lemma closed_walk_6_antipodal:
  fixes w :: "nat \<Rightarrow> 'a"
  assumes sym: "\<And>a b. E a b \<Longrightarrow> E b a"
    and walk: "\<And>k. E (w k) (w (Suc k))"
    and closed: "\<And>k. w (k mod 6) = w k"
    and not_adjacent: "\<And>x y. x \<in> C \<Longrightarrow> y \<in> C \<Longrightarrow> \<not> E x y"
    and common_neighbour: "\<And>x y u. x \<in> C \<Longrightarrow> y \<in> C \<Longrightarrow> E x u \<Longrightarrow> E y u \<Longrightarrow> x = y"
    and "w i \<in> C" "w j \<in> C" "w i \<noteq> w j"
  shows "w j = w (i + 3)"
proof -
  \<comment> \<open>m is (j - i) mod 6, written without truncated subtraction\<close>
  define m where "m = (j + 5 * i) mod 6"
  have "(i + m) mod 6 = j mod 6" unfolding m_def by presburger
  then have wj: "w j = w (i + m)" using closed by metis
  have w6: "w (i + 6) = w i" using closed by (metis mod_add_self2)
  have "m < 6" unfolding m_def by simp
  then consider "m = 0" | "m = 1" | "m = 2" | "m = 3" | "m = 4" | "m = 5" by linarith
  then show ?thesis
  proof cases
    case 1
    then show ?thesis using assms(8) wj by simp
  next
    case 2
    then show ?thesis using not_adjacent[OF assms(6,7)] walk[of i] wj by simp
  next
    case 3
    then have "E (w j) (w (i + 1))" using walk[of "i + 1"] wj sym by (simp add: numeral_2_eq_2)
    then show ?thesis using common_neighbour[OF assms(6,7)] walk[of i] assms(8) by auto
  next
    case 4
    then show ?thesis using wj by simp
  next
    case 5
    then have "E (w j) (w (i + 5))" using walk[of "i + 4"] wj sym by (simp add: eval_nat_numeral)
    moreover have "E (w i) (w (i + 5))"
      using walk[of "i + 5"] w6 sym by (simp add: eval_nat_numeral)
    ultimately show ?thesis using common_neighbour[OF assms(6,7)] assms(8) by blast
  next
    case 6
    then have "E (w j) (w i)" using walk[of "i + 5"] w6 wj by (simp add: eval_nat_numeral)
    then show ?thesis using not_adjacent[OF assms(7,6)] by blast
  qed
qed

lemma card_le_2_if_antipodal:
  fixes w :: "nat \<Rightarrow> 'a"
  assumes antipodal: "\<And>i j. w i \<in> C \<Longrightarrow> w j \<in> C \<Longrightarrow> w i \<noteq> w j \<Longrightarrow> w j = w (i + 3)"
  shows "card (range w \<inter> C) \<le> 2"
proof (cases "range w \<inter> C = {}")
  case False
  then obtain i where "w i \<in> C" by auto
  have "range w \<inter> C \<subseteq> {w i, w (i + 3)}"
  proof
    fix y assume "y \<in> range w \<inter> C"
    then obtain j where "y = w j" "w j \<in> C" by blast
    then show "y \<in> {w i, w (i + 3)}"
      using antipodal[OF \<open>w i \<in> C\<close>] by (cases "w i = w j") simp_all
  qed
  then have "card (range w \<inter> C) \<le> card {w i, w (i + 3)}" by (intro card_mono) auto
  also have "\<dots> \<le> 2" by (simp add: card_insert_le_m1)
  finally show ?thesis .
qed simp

====

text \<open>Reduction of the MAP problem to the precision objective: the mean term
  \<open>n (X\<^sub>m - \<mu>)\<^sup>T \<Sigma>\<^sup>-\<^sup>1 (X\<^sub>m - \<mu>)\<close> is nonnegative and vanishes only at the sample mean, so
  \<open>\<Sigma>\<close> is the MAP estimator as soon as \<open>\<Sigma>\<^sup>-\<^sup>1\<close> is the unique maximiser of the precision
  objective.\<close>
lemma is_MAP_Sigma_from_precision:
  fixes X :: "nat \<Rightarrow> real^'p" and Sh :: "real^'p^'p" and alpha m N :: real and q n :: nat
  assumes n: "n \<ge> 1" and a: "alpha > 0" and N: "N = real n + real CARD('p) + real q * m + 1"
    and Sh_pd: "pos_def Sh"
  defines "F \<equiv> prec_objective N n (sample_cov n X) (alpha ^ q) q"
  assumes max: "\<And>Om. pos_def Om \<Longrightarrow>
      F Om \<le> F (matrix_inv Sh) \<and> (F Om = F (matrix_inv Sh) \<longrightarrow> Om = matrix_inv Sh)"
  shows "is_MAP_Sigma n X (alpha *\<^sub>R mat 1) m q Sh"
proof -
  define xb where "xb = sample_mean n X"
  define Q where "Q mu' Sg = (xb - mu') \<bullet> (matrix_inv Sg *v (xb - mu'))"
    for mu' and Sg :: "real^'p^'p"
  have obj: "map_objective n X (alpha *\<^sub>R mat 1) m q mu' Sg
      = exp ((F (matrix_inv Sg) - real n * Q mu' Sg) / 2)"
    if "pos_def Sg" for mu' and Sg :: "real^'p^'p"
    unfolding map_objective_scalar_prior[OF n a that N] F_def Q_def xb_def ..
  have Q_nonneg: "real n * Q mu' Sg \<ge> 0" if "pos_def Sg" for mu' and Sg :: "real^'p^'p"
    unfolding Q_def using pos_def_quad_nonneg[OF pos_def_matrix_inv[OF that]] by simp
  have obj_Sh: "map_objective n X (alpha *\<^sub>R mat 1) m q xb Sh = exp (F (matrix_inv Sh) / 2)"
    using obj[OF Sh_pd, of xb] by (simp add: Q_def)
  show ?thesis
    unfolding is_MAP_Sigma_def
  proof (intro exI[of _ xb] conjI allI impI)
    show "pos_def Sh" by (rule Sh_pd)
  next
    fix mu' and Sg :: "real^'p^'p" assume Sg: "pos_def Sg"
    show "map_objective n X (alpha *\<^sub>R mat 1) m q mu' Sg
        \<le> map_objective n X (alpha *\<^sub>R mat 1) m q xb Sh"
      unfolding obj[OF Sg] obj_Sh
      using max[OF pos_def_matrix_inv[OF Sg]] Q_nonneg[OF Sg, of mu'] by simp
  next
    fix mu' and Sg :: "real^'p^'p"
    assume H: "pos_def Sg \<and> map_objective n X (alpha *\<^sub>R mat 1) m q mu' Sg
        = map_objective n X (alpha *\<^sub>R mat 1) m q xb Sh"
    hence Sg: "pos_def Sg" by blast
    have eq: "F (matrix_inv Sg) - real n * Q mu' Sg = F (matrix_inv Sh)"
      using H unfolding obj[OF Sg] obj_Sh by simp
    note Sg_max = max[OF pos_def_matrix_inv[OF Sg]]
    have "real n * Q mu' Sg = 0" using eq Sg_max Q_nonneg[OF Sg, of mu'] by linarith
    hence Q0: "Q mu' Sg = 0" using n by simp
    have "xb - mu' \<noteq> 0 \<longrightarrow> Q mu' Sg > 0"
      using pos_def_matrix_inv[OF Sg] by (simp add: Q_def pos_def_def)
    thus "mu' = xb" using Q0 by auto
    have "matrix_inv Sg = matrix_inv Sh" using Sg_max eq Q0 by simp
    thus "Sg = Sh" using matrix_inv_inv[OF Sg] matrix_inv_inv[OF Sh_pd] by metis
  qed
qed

====

= Exercise aim =
Please tally the lines of the data in which the string "where" appears and write only the total.

= Answer space =
5